Class names stay PascalCase in both: SyncOptions, CloudClient, CrossrefConstants.


8. Full Function Coverage Matrix

See MATLAB_MAPPING.md for the complete function-by-function cross-reference table covering the entire ndi.cloud module (and all other NDI modules).


Appendix: Python-Only Additions

These functions exist in Python but have no MATLAB equivalent:

Function Why
list_all_datasets() Auto-paginator convenience
list_all_documents() Auto-paginator convenience
ndi_query_all() Auto-paginator convenience
undelete_dataset() Soft-delete API (new backend feature)
list_deleted_datasets() Soft-delete API
list_deleted_documents() Soft-delete API
put_file_bytes() Upload raw bytes (no file on disk)
get_bulk_upload_url() (files) Bulk file upload URL
bulk_upload() (documents) Low-level ZIP document upload
sync.sync() Dispatch by SyncMode enum
download_full_dataset() All-in-one dataset + files download
fetch_cloud_file() On-demand binary file download via ndic:// protocol
get_or_create_cloud_client() Auto-auth from env vars for headless on-demand fetch

These should eventually be back-ported to MATLAB for feature parity. The soft-delete functions (undelete_dataset, list_deleted_*) will need MATLAB equivalents once the backend branch is merged. Note: fetch_cloud_file has a MATLAB equivalent (the customFileHandler callback in didsqlite.m), but the Python implementation is a standalone function rather than a callback, since DID-python lacks callback support.

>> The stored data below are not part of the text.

lemma ricci_algebra_at:
  fixes X :: "real^'n \<Rightarrow> 'n list \<Rightarrow> real"
  assumes n1: "n \<ge> 1"
    and smX: "\<forall>as. length as = n \<longrightarrow> smooth_on_chart U (\<lambda>y. X y as)"
    and ts: "totally_symmetric U n X" and x: "x \<in> U"
  shows "ricci_algebra n (cov g (cov g X) x) (X x) (Riem g x) (Rup g x)
    (\<lambda>a b c e. \<Sum>d\<in>UNIV. Riem g x a b c d * g x d e) (ginv g x)"
proof (unfold_locales)
  show "n \<ge> 1" by (rule n1)
next
  fix a b :: 'n and L L' :: "'n list" assume L: "length L = n" and m: "mset L = mset L'"
  have TS: "cov g X y (c # M) = cov g X y (c # M')" if "y \<in> U" "length M = n" "mset M = mset M'" for y c M M'
    by (rule cov_mset_cong[where T=X and k=n]) (use totally_symmetric_mset_eq[OF ts] that in auto)
  show "cov g (cov g X) x (a # b # L) = cov g (cov g X) x (a # b # L')"
    by (rule cov_mset_cong_tail[where T="cov g X" and k=n]) (use TS x L m in auto)
next
  fix L L' :: "'n list" assume "length L = n" "mset L = mset L'"
  then show "X x L = X x L'" by (rule totally_symmetric_mset_eq[OF ts x])
next
  fix a b and cs :: "'n list" assume lc: "length cs = n"
  show "cov g (cov g X) x (a # b # cs) - cov g (cov g X) x (b # a # cs)
      = (\<Sum>i<n. \<Sum>d\<in>UNIV. Riem g x a b (cs ! i) d * X x (cs[i := d]))"
    by (rule cov_cov_commutator[where T=X and k=n, OF x _ lc]) (use smX in auto)
next
  fix a b c d
  show "Riem g x a b c d = (\<Sum>e\<in>UNIV. (\<Sum>d\<in>UNIV. Riem g x a b c d * g x d e) * ginv g x e d)"
    by (rule Riem_lower_raise[OF x, symmetric])
next
  fix p a b c
  show "Rup g x p a b c = (\<Sum>q\<in>UNIV. ginv g x p q * (\<Sum>d\<in>UNIV. Riem g x q a b d * g x d c))"
    by (simp add: Rup_def sum_distrib_left mult.assoc)
next
  fix a b show "ginv g x a b = ginv g x b a" by (rule ginv_sym[OF x])
next
  fix a b c d
  show "(\<Sum>e\<in>UNIV. Riem g x b a c e * g x e d) = - (\<Sum>e\<in>UNIV. Riem g x a b c e * g x e d)"
    by (simp add: Riem_antisym[of x b a c] sum_negf)
next
  fix a b c d
  show "(\<Sum>e\<in>UNIV. Riem g x a b d e * g x e c) = - (\<Sum>e\<in>UNIV. Riem g x a b c e * g x e d)"
    using Riem_lower_antisym[OF x, of a b c d] by linarith
next
  fix a b c d
  show "(\<Sum>e\<in>UNIV. Riem g x a b c e * g x e d) + (\<Sum>e\<in>UNIV. Riem g x b c a e * g x e d)
      + (\<Sum>e\<in>UNIV. Riem g x c a b e * g x e d) = 0"
    by (rule Riem_lower_bianchi[OF x])
qed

Appendix: Packaging & Dependencies

pyproject.toml

Dependency Type Status
did (DID-python) Core Git URL dep in pyproject.toml; installed normally via pip
numpy>=1.20.0 Core OK
networkx>=2.6 Core OK
jsonschema>=4.0.0 Core OK
requests>=2.28.0 Core OK
openMINDS>=0.2.0 Optional ([openminds]) Added 2026-02-22
pandas>=1.5.0 Optional ([pandas]) OK
scipy>=1.9.0 Optional ([scipy]) OK
matplotlib>=3.5.0 Optional ([tutorials]) OK
opencv-python-headless>=4.5.0 Optional ([tutorials]) OK

Note: vhlab-toolbox-python is also required at runtime but is not in pyproject.tomlndi_install.py clones it and configures a .pth file. DID-python's packaging bug (PR #16) was fixed upstream in Feb 2026, so it now installs correctly via pip from the git URL in pyproject.toml. vhlab-toolbox-python should eventually be published to PyPI for a clean pip install ndi.

Backend (ndi-cloud-node)

No changes required. The Python client is fully compatible with the current backend API. Key operational note: the AWS Lambda 30-second timeout causes HTTP 504 on large publish/unpublish operations. The Python client mitigates this with _retry_on_server_error() (2 retries with exponential backoff).